◆ **Records for processing**
lemma level_k_qi_map_unit_entry_zero_at_Ck_edge:
  assumes "simple_graph adjG" "simple_graph adjH" and qi: "level_k_qi_map k adjG adjH \<Phi>"
    and edge: "{a, b} \<in> Ck_edges k" "a \<noteq> b" "a \<in> {1..2*k}" "b \<in> {1..2*k}"
    and lengths: "length x = k" "length y = k" "length x' = k" "length y' = k"
    and rel_differs: "rel adjG ((x @ y) ! (a - 1)) ((x @ y) ! (b - 1)) \<noteq>
      rel adjH ((x' @ y') ! (a - 1)) ((x' @ y') ! (b - 1))"
  shows "\<Phi> (unitm x y) x' y' = 0"
proof -
  have tuples: "x \<in> tuples k" "y \<in> tuples k" using lengths by (auto simp: tuples_def)
  let ?g = "(x @ y) ! (a - 1)" and ?g' = "(x @ y) ! (b - 1)"
    and ?h = "(x' @ y') ! (a - 1)" and ?h' = "(x' @ y') ! (b - 1)"
  consider "(?g = ?g') \<noteq> (?h = ?h')" | "?g \<noteq> ?g'" "?h \<noteq> ?h'" "adjG ?g ?g' \<noteq> adjH ?h ?h'"
    using rel_differs by (auto simp: rel_def split: if_splits)
  then show ?thesis
  proof cases
    case 1
    then show ?thesis
      using level_k_qi_map_unit_entry_zero[OF qi Ck_contracted_edge_in_QP[OF edge(1,2)] tuples]
        hom_tensor_contracted[OF lengths(1,2) edge(3,4,2), of adjG]
        hom_tensor_contracted[OF lengths(3,4) edge(3,4,2), of adjH]
      by simp
  next
    case 2
    then show ?thesis
      using level_k_qi_map_unit_entry_zero[OF qi Ck_single_edge_in_QP[OF edge(1)] tuples]
        hom_tensor_single_edge[OF assms(1) lengths(1,2) edge(3,4)]
        hom_tensor_single_edge[OF assms(2) lengths(3,4) edge(3,4)]
      by simp
  qed
qed

text \<open>The vertex of \<open>C\<^sub>k\<close> carrying the \<open>j\<close>-th letter (from 0) of \<open>rev s @ t\<close>.
  As \<open>j\<close> runs through \<open>0..<2*k\<close> it walks around the cycle \<open>k, \<dots>, 1, k+1, \<dots>, 2*k\<close>.\<close>

definition cycle_vertex :: "nat \<Rightarrow> nat \<Rightarrow> nat" where
  "cycle_vertex k j = (if j < k then k - j else j + 1)"

lemma rev_append_nth_cycle_vertex:
  assumes "length s = k" "length t = k" "j < 2*k"
  shows "(rev s @ t) ! j = (s @ t) ! (cycle_vertex k j - 1)"
  using assms by (auto simp: cycle_vertex_def nth_append rev_nth)

lemma cycle_vertex_Ck_edge:
  assumes j: "j < 2*k"
  defines "a \<equiv> cycle_vertex k j" and "b \<equiv> cycle_vertex k (Suc j mod (2*k))"
  shows "{a, b} \<in> Ck_edges k \<and> a \<noteq> b \<and> a \<in> {1..2*k} \<and> b \<in> {1..2*k}"
proof -
  consider "Suc j < k" | "Suc j = k" | "k \<le> j" "Suc j < 2*k" | "Suc j = 2*k"
    using j by linarith
  then show ?thesis
  proof cases
    case 1
    then have "a = (k - Suc j) + 1" "b = k - Suc j" by (auto simp: a_def b_def cycle_vertex_def)
    moreover have "{k - Suc j, (k - Suc j) + 1} \<in> Ck_edges k"
      unfolding Ck_edges_def using 1 by (intro UnI1 CollectI exI[of _ "k - Suc j"]) auto
    ultimately show ?thesis using 1 by (auto simp: insert_commute)
  next
    case 2
    then show ?thesis by (auto simp: a_def b_def cycle_vertex_def Ck_edges_def)
  next
    case 3
    then have "a = j + 1" "b = (j + 1) + 1" by (auto simp: a_def b_def cycle_vertex_def)
    moreover have "{j + 1, (j + 1) + 1} \<in> Ck_edges k"
      unfolding Ck_edges_def using 3 by (intro UnI1 CollectI exI[of _ "j + 1"]) auto
    ultimately show ?thesis using 3 by auto
  next
    case 4
    then show ?thesis by (auto simp: a_def b_def cycle_vertex_def Ck_edges_def insert_commute)
  qed
qed

lemma rotate_rev_append_consecutive:
  assumes "length s = k" "length t = k" and i: "Suc i < length (rotate m (rev s @ t))"
  obtains a b where "{a, b} \<in> Ck_edges k" "a \<noteq> b" "a \<in> {1..2*k}" "b \<in> {1..2*k}"
    "rotate m (rev s @ t) ! i = (s @ t) ! (a - 1)"
    "rotate m (rev s @ t) ! Suc i = (s @ t) ! (b - 1)"
proof -
  define j where "j = (m + i) mod (2*k)"
  have len: "length (rev s @ t) = 2*k" using assms by simp
  then have j: "j < 2*k" using i by (simp add: j_def)
  have "rotate m (rev s @ t) ! i = (rev s @ t) ! j"
    "rotate m (rev s @ t) ! Suc i = (rev s @ t) ! (Suc j mod (2*k))"
    using i len by (simp_all add: nth_rotate j_def mod_Suc_eq)
  then show ?thesis
    using cycle_vertex_Ck_edge[OF j] rev_append_nth_cycle_vertex[OF assms(1,2)] j
    by (intro that[of "cycle_vertex k j" "cycle_vertex k (Suc j mod (2*k))"]) auto
qed

theorem lemma3p4:
  fixes adjG :: "'a::finite \<Rightarrow> 'a \<Rightarrow> bool" and adjH :: "'b::finite \<Rightarrow> 'b \<Rightarrow> bool"
    and k :: nat and \<Phi> :: "'a kmat \<Rightarrow> 'b kmat"
    and s t :: "('a \<times> 'b) list"
  assumes "simple_graph adjG" and "simple_graph adjH"
    and "level_k_qi_map k adjG adjH \<Phi>"
    and "length s = k" and "length t = k"
    and "\<exists>m i. let w = rotate m (rev s @ t) in
           Suc i < length w \<and>
           rel adjG (fst (w ! i)) (fst (w ! Suc i)) \<noteq> rel adjH (snd (w ! i)) (snd (w ! Suc i))"
  shows "choi k \<Phi> s t = 0"
proof -
  obtain m i where i: "Suc i < length (rotate m (rev s @ t))"
    and rel_differs: "rel adjG (fst (rotate m (rev s @ t) ! i)) (fst (rotate m (rev s @ t) ! Suc i)) \<noteq>
      rel adjH (snd (rotate m (rev s @ t) ! i)) (snd (rotate m (rev s @ t) ! Suc i))"
    using assms(6) by (auto simp: Let_def)
  obtain a b where edge: "{a, b} \<in> Ck_edges k" "a \<noteq> b" "a \<in> {1..2*k}" "b \<in> {1..2*k}"
    and letters: "rotate m (rev s @ t) ! i = (s @ t) ! (a - 1)"
      "rotate m (rev s @ t) ! Suc i = (s @ t) ! (b - 1)"
    using rotate_rev_append_consecutive[OF assms(4,5) i] by blast
  have "f ((s @ t) ! (p - 1)) = (map f s @ map f t) ! (p - 1)"
    if "p \<in> {1..2*k}" for f :: "'a \<times> 'b \<Rightarrow> 'c" and p
    using that assms(4,5) by (auto simp: nth_append)
  then have "rel adjG ((map fst s @ map fst t) ! (a - 1)) ((map fst s @ map fst t) ! (b - 1)) \<noteq>
      rel adjH ((map snd s @ map snd t) ! (a - 1)) ((map snd s @ map snd t) ! (b - 1))"
    using rel_differs edge(3,4) unfolding letters by metis
  then show ?thesis
    unfolding choi_def using assms(4,5)
    by (intro level_k_qi_map_unit_entry_zero_at_Ck_edge[OF assms(1-3) edge]) auto
qed

end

◆ **What is expected**
Set down, word for word, every line from the line that holds "by (intro level_k_qi_map_unit_entry_zero_at_Ck_edge[OF" to the end of the entries above, including both ends.

◆ **Result for this task**
    by (intro level_k_qi_map_unit_entry_zero_at_Ck_edge[OF assms(1-3) edge]) auto
qed

end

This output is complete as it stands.